Le boy réalise ainsi de petits bénéfices d’occasion qu’il ajoute à ses revenus ordinaires. Grâce à eux, il s’offrira les emplettes dont il rêve : un accordéon, un jeu de loto, une trompe de bicyclette. On le verra trôner au restaurant pour Noirs qu’un industriel avisé a eu l’idée de monter et qui ne reste ouvert que les huit premiers jours du mois, parce que le reste du temps la clientèle n’a plus le sou. Il y déjeunera somptueusement pour 3fr,75, avec une serviette, s’il vous plaît. Il criera d’un ton impérieux :
— La suite !
Et il tancera d’importance le boy qui le sert :
— Veux-tu te dépêcher, Moussa, sale nègre !
Ah ! il est bon d’avoir des amies !
A défaut de boy, l’amateur de beauté noire s’adressera au garde de cercle. Celui-ci n’est pas, comme vous pourriez le croire, un chasseur de club élégant, mais bien une sorte de gendarme indigène. A cheval sur la discipline, il est prêt à toutes les consignes. Mais il y met un peu trop de brutalité. Il racole les moussos à la façon d’un sergent recruteur et les ramène tremblantes comme des brebis qu’on pousse à l’abattoir. Et puis, il est plus gêné par les scrupules que le boy. Il lui arrive de se retrancher derrière la dignité de sa fonction. Les épithètes malsonnantes l’inquiètent. Un jour, j’en entendis un déclarer imperturbablement :
— Femme à moi garbo, mais moi pas…
Et il prononça un mot qui nous rappela une espèce connue de groseilles.
Dans les villes, dans certaines villes tout au moins, la police assure un service de ravitaillement et de croisement sélectionné qui est au-dessus de tout éloge.
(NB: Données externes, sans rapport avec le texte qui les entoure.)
(* Let $\Omega\subset\mathbb{R}^N$ be a bounded domain with smooth boundary, $0<s<1$, $M$ a Young function satisfying $1<m_0:=\inf_{t>0}\frac{tm(t)}{M(t)}\le m^0:=\sup_{t>0}\frac{tm(t)}{M(t)}<\infty$, (S) $t\mapsto M(\sqrt t)$ convex on $[0,\infty)$, and (Q) $\lim_{t\to+\infty}|t|^q/M(t)=0$, where $1<q<\min(p^*,m_0)$, $p^*=Np/(N-p)$ for a fixed $1<p<N$. Let $g:\Omega\times\mathbb{R}\to\mathbb{R}$ be Carathéodory with $G(x,t)=\int_0^t g(x,\tau)d\tau$ satisfying (A) $|g(x,t)|\le C_0|t|^{q-1}$ and (B) $C_1|t|^q\le G(x,t)\le C_2|t|^q$ for all $x\in\Omega,t\in\mathbb{R}$, with $C_0,C_1,C_2>0$. Then for each $\lambda>0$ the functional $$I_\lambda(u)=\int_{\mathbb{R}^N}\int_{\mathbb{R}^N}M\Big(\frac{u(x)-u(y)}{|x-y|^s}\Big)\frac{dx\,dy}{|x-y|^N}-\lambda\int_\Omega G(x,u)\,dx$$ is coercive on $\tilde W^{s,M}_0(\Omega)$, i.e. $I_\lambda(u)\to\infty$ as $\|u\|\to\infty$.
   Context: A Young function is $M(t)=\int_0^{|t|}m(\tau)\,d\tau$, where $m:\mathbb{R}\to\mathbb{R}$ is an increasing homeomorphism of $\mathbb{R}$ onto $\mathbb{R}$ with $m(0)=0$, $m(t)>0$ for $t>0$, $m(t)\to\infty$ as $t\to\infty$. $L^M$ is the Orlicz space with Luxemburg norm $\|u\|_{(M)}=\inf\{\lambda>0:\int M(u/\lambda)\le1\}$. $W^{s,M}(\mathbb{R}^N)$ is the set of $u\in L^M(\mathbb{R}^N)$ with $\int\int M\big(\frac{u(x)-u(y)}{|x-y|^s}\big)\frac{dxdy}{|x-y|^N}<\infty$, with seminorm $[u]_{(s,M)}=\inf\{\lambda>0:\int\int M\big(\frac{u(x)-u(y)}{\lambda|x-y|^s}\big)\frac{dxdy}{|x-y|^N}\le1\}$ and norm $\|u\|_{(s,M)}=\|u\|_{(M)}+[u]_{(s,M)}$. $\tilde W^{s,M}_0(\Omega)$ is the space of functions in the closure $W^{s,M}_0(\Omega)$ of $C_c^\infty(\Omega)$ in $\|\cdot\|_{(s,M)}$ which vanish a.e. in $\mathbb{R}^N\setminus\Omega$, normed by $\|u\|=[u]_{(s,M)}$. *)

theory Defs
  imports "HOL-Analysis.Analysis"
begin

definition young_gen :: "(real \<Rightarrow> real) \<Rightarrow> bool" where
  "young_gen m \<longleftrightarrow> strict_mono m \<and> continuous_on UNIV m \<and> surj m \<and> m 0 = 0
      \<and> (\<forall>t>0. m t > 0) \<and> filterlim m at_top at_top"

definition youngM :: "(real \<Rightarrow> real) \<Rightarrow> real \<Rightarrow> real" where
  "youngM m t = integral {0..\<bar>t\<bar>} m"

fun Ck_on :: "nat \<Rightarrow> ('a::euclidean_space \<Rightarrow> real) \<Rightarrow> 'a set \<Rightarrow> bool" where
  "Ck_on 0 f S = continuous_on S f"
| "Ck_on (Suc k) f S = ((\<forall>x\<in>S. f differentiable (at x)) \<and>
      (\<forall>i\<in>Basis. Ck_on k (\<lambda>x. frechet_derivative f (at x) i) S))"

definition smooth_on :: "('a::euclidean_space \<Rightarrow> real) \<Rightarrow> 'a set \<Rightarrow> bool" where
  "smooth_on f S \<longleftrightarrow> (\<forall>k. Ck_on k f S)"

definition smooth_bounded_domain :: "'a::euclidean_space set \<Rightarrow> bool" where
  "smooth_bounded_domain \<Omega> \<longleftrightarrow> open \<Omega> \<and> connected \<Omega> \<and> \<Omega> \<noteq> {} \<and> bounded \<Omega> \<and>
     (\<forall>z\<in>frontier \<Omega>. \<exists>r>0. \<exists>\<psi>. smooth_on \<psi> (ball z r) \<and> \<psi> z = 0 \<and>
         frechet_derivative \<psi> (at z) \<noteq> (\<lambda>_. 0) \<and>
         \<Omega> \<inter> ball z r = {x\<in>ball z r. \<psi> x < 0})"

definition Cc_inf :: "'a::euclidean_space set \<Rightarrow> ('a \<Rightarrow> real) set" where
  "Cc_inf \<Omega> = {\<phi>. smooth_on \<phi> UNIV \<and> compact (closure {x. \<phi> x \<noteq> 0})
                     \<and> closure {x. \<phi> x \<noteq> 0} \<subseteq> \<Omega>}"

definition modM :: "(real \<Rightarrow> real) \<Rightarrow> ('a::euclidean_space \<Rightarrow> real) \<Rightarrow> ennreal" where
  "modM M u = (\<integral>\<^sup>+ x. ennreal (M (u x)) \<partial>lebesgue)"

definition fmodM :: "real \<Rightarrow> (real \<Rightarrow> real) \<Rightarrow> ('a::euclidean_space \<Rightarrow> real) \<Rightarrow> ennreal" where
  "fmodM s M u = (\<integral>\<^sup>+ x. \<integral>\<^sup>+ y.
      ennreal (M ((u x - u y) / (dist x y powr s)) / (dist x y powr real DIM('a))) \<partial>lebesgue \<partial>lebesgue)"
Son personnel pratique méthodiquement la recherche de la femme, mais ce n’est pas à des fins judiciaires. Il tire un heureux parti de cette recherche de la femme, mais c’est en la combinant avec le principe moderne de la commission. Que voulez-vous ? le gouvernement paye mal. Le voyageur qui arrive dans une de ces cités privilégiées et qui veut s’y créer des relations aussi intimes que rapides n’a pas besoin de chercher midi à quatorze heures. Qu’il aille trouver le commissaire de police nègre ou l’un de ses agents et qu’il fasse miroiter aux gros yeux ronds de ce coloured fonctionnaire un modeste backchich de vingt sous. Aussitôt, les gros yeux se ferment lentement, pour vous montrer qu’on a compris. Et une heure après, l’agent vous apparaît sous un jour enchanteur nouveau jusqu’au paradoxe, en vous servant galamment à domicile une Aphrodite qu’on dirait éclose de l’écume de goudron. Le plus beau, c’est que les livraisons sont garanties. Votre Vénus est sans risque. Vive la police, monsieur !
Et quelle plaisante opposition, s’il vous plaît ?
Chez les Blancs, la police persécute Les impures. Chez les Nègres, elle les protège.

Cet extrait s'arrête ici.